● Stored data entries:
◇ ◇ ◇
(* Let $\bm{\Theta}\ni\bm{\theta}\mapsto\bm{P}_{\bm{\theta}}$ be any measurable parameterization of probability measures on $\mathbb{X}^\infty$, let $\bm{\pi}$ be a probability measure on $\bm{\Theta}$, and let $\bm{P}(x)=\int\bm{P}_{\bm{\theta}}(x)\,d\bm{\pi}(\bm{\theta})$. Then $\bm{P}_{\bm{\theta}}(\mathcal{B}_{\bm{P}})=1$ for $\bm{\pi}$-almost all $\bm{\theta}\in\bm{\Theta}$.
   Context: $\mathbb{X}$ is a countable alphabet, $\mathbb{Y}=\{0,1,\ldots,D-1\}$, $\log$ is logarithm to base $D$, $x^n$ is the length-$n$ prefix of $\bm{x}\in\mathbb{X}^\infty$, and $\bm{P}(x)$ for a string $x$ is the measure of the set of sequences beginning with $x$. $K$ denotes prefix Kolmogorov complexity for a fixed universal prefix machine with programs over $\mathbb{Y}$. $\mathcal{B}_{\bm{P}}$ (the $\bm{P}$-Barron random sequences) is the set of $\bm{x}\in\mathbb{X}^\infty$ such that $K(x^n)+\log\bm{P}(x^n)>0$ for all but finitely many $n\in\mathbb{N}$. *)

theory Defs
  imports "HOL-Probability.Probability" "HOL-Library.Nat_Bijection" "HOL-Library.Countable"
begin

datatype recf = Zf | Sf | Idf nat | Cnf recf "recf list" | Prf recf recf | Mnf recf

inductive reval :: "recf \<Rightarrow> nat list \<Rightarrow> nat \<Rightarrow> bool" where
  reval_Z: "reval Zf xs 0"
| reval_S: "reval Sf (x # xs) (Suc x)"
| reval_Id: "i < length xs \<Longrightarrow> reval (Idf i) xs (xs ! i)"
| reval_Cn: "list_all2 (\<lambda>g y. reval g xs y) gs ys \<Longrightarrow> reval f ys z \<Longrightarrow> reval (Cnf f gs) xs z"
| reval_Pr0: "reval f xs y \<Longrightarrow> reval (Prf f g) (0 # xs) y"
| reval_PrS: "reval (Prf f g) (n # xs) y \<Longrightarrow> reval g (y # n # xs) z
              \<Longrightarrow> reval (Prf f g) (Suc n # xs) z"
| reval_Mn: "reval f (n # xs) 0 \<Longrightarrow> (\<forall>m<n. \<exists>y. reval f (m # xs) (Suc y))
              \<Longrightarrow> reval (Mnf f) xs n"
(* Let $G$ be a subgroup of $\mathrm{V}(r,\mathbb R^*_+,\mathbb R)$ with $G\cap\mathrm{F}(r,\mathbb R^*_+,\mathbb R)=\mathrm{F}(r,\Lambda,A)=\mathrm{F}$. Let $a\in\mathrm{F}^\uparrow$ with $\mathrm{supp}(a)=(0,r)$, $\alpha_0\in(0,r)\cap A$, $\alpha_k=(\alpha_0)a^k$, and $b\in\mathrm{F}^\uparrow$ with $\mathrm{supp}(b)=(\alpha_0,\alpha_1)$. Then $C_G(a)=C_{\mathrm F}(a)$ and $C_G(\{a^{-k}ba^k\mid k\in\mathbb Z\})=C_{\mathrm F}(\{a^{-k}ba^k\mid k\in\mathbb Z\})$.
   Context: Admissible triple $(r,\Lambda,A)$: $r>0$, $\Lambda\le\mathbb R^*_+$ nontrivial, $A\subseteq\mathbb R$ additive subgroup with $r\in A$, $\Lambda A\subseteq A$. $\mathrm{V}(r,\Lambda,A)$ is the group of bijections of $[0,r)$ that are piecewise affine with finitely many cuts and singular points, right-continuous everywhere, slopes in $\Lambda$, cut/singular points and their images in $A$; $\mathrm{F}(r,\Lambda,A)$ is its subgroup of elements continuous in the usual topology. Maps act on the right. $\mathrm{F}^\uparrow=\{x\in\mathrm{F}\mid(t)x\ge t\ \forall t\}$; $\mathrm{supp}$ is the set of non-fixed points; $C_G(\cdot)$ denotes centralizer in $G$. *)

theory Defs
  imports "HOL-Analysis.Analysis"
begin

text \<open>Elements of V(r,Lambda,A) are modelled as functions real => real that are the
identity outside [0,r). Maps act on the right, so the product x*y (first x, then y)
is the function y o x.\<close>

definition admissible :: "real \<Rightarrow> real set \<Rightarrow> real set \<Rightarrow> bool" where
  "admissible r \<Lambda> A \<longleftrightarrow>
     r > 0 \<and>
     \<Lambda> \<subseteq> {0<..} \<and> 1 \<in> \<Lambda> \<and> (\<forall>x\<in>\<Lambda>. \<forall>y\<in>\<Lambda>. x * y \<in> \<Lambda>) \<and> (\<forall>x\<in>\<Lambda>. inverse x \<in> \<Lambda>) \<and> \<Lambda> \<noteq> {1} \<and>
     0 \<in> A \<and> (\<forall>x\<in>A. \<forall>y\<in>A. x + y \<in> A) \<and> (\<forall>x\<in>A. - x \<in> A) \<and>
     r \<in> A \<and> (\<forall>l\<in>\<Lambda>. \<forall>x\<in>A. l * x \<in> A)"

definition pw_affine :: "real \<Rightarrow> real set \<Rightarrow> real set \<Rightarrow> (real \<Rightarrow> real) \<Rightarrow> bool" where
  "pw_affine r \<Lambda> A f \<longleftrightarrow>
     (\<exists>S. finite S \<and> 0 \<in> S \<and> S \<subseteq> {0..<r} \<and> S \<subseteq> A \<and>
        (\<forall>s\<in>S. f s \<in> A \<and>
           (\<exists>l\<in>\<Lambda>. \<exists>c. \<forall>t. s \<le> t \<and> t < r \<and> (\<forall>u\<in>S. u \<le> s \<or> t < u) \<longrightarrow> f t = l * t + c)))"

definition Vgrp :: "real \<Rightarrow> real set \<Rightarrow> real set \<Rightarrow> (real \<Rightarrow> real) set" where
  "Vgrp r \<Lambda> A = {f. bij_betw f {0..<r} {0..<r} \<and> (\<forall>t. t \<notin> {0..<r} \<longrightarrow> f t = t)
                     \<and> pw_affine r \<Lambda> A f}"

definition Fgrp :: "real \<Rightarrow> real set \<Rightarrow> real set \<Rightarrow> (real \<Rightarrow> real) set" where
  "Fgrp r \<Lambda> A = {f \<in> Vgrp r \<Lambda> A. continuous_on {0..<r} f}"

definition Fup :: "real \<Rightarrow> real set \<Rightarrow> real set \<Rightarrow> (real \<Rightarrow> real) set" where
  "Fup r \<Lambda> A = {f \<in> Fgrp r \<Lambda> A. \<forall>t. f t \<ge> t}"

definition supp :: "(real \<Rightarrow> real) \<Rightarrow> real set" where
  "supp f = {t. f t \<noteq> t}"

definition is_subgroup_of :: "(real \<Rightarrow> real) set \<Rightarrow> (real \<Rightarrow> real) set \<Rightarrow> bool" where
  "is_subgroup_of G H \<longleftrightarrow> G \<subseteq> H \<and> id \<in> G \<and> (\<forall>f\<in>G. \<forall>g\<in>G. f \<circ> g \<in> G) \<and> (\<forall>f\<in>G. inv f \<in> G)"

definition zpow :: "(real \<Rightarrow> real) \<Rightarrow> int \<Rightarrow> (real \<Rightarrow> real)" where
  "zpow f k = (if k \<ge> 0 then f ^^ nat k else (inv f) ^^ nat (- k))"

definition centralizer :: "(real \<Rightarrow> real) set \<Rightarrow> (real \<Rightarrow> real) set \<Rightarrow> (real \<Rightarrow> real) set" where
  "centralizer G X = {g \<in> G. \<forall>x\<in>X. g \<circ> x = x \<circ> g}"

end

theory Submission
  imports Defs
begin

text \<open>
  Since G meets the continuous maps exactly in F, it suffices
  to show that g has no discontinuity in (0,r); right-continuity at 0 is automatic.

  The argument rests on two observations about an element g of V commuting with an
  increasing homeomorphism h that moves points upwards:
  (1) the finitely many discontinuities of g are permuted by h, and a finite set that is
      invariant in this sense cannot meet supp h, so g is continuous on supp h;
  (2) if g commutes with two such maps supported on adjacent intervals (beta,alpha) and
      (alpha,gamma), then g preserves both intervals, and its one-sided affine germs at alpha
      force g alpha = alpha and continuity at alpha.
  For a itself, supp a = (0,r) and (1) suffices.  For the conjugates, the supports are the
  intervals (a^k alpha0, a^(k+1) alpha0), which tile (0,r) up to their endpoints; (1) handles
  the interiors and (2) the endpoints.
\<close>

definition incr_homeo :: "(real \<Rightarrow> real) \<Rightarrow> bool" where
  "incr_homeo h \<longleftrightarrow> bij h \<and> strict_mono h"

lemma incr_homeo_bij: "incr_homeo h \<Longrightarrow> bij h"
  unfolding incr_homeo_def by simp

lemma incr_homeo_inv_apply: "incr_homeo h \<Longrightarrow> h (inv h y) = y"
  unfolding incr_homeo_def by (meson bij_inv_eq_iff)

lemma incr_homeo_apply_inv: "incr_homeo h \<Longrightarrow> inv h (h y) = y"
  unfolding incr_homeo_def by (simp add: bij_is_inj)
◇ ◇ ◇
● YOUR GOAL: Using the entries above, output exactly the lines between the line holding "(2) if g commutes" and the line holding "force g alpha", end lines included, and nothing more.

● SOLUTION FOR THIS TASK:
  (2) if g commutes with two such maps supported on adjacent intervals (beta,alpha) and
      (alpha,gamma), then g preserves both intervals, and its one-sided affine germs at alpha
      force g alpha = alpha and continuity at alpha.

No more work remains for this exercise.